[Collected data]
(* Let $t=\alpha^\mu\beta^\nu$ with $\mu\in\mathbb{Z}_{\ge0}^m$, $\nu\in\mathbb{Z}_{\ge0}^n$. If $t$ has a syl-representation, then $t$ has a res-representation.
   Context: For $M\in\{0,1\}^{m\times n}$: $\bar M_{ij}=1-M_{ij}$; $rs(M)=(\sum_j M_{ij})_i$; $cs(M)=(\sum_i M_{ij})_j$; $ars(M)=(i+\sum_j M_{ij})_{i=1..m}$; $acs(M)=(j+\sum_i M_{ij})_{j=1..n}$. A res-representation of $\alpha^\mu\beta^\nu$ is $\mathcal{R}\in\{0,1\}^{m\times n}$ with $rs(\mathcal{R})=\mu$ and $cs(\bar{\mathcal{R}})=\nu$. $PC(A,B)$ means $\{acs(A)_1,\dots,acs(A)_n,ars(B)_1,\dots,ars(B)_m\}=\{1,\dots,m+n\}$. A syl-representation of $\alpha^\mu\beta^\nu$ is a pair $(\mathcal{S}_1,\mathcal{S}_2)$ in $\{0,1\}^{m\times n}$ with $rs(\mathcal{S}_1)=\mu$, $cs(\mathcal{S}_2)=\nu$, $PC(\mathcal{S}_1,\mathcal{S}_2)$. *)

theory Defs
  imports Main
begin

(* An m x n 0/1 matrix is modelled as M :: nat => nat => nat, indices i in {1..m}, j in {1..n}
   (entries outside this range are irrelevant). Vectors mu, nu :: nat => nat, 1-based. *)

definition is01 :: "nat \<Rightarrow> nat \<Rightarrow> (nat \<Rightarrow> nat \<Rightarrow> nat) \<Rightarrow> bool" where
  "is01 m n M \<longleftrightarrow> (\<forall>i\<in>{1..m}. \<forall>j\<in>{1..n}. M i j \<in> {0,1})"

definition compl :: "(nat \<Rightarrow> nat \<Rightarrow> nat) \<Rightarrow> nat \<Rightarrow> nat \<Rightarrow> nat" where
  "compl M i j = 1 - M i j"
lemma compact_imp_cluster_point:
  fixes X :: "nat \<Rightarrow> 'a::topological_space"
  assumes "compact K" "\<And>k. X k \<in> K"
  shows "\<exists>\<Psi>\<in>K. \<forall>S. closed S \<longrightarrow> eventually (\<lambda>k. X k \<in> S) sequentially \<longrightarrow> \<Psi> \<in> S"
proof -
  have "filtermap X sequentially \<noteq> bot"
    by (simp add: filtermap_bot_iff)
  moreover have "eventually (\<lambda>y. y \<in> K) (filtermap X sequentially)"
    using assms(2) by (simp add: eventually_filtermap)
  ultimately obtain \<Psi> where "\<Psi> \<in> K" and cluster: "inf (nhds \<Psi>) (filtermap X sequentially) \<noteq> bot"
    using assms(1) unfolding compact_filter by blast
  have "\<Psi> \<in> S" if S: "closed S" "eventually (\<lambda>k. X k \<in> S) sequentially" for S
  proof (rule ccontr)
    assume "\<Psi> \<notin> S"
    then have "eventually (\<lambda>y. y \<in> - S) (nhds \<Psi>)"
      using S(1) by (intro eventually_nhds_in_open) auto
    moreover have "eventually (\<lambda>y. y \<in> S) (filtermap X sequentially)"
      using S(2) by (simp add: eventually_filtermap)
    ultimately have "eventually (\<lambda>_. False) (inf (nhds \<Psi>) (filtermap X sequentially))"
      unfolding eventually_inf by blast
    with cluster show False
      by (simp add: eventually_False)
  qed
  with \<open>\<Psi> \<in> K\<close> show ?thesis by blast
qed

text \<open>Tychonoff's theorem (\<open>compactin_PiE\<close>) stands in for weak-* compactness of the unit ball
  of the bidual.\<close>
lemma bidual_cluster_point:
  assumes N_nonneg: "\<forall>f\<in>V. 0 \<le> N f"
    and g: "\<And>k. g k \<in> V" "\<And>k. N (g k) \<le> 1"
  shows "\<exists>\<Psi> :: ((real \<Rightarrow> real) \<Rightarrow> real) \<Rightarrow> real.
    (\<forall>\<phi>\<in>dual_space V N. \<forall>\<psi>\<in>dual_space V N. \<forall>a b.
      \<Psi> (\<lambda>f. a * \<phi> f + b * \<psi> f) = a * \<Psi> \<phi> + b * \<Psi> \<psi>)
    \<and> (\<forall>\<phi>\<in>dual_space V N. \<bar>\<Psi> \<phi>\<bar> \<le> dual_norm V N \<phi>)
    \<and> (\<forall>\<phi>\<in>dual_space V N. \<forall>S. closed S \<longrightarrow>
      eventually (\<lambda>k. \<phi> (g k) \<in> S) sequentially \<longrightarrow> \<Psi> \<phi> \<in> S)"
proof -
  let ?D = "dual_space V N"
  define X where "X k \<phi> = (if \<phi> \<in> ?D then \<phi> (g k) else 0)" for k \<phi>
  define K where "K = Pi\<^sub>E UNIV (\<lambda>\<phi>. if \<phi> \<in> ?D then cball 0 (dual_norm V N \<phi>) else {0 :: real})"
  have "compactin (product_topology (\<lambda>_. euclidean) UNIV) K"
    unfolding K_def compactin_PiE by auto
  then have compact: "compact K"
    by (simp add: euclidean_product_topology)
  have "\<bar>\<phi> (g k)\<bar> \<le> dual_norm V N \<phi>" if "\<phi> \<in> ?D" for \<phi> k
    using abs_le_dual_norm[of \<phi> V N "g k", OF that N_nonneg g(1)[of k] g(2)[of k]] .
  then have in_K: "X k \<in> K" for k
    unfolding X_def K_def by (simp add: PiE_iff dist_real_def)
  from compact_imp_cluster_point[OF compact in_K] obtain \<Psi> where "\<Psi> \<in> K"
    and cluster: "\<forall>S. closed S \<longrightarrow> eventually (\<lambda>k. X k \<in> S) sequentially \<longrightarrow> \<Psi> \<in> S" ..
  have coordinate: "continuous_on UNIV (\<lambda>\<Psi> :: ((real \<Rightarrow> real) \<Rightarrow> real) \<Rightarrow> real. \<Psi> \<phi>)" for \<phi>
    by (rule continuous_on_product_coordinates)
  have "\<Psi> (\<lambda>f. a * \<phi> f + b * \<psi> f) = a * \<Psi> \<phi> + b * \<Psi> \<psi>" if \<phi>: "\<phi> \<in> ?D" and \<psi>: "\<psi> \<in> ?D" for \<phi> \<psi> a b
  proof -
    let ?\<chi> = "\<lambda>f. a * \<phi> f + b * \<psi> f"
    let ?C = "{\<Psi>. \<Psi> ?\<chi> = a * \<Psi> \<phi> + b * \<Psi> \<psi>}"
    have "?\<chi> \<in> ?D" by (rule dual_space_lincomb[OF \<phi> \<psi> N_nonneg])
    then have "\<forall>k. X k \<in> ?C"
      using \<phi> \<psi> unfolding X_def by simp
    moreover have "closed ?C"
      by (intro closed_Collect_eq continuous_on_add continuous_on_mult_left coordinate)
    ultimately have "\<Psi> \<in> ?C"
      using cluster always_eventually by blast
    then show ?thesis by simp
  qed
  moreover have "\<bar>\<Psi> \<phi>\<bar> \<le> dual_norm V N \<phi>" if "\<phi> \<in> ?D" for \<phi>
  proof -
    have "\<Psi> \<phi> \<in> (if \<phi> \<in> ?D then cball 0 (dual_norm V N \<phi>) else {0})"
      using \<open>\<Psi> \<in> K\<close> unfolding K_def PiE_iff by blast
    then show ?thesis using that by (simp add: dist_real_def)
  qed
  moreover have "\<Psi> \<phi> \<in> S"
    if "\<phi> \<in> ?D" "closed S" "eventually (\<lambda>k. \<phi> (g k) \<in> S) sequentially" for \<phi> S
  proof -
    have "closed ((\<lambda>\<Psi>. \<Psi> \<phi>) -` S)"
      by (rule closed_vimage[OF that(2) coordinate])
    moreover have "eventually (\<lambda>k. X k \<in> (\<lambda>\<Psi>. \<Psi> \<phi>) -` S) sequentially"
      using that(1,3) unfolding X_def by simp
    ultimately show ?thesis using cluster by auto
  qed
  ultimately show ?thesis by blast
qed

• [Task to complete]:
Reproduce the records above line by line, without any change, up to and including the line that holds "(* An m x n".

• [Task answer]:
(* Let $t=\alpha^\mu\beta^\nu$ with $\mu\in\mathbb{Z}_{\ge0}^m$, $\nu\in\mathbb{Z}_{\ge0}^n$. If $t$ has a syl-representation, then $t$ has a res-representation.
   Context: For $M\in\{0,1\}^{m\times n}$: $\bar M_{ij}=1-M_{ij}$; $rs(M)=(\sum_j M_{ij})_i$; $cs(M)=(\sum_i M_{ij})_j$; $ars(M)=(i+\sum_j M_{ij})_{i=1..m}$; $acs(M)=(j+\sum_i M_{ij})_{j=1..n}$. A res-representation of $\alpha^\mu\beta^\nu$ is $\mathcal{R}\in\{0,1\}^{m\times n}$ with $rs(\mathcal{R})=\mu$ and $cs(\bar{\mathcal{R}})=\nu$. $PC(A,B)$ means $\{acs(A)_1,\dots,acs(A)_n,ars(B)_1,\dots,ars(B)_m\}=\{1,\dots,m+n\}$. A syl-representation of $\alpha^\mu\beta^\nu$ is a pair $(\mathcal{S}_1,\mathcal{S}_2)$ in $\{0,1\}^{m\times n}$ with $rs(\mathcal{S}_1)=\mu$, $cs(\mathcal{S}_2)=\nu$, $PC(\mathcal{S}_1,\mathcal{S}_2)$. *)

theory Defs
  imports Main
begin

(* An m x n 0/1 matrix is modelled as M :: nat => nat => nat, indices i in {1..m}, j in {1..n}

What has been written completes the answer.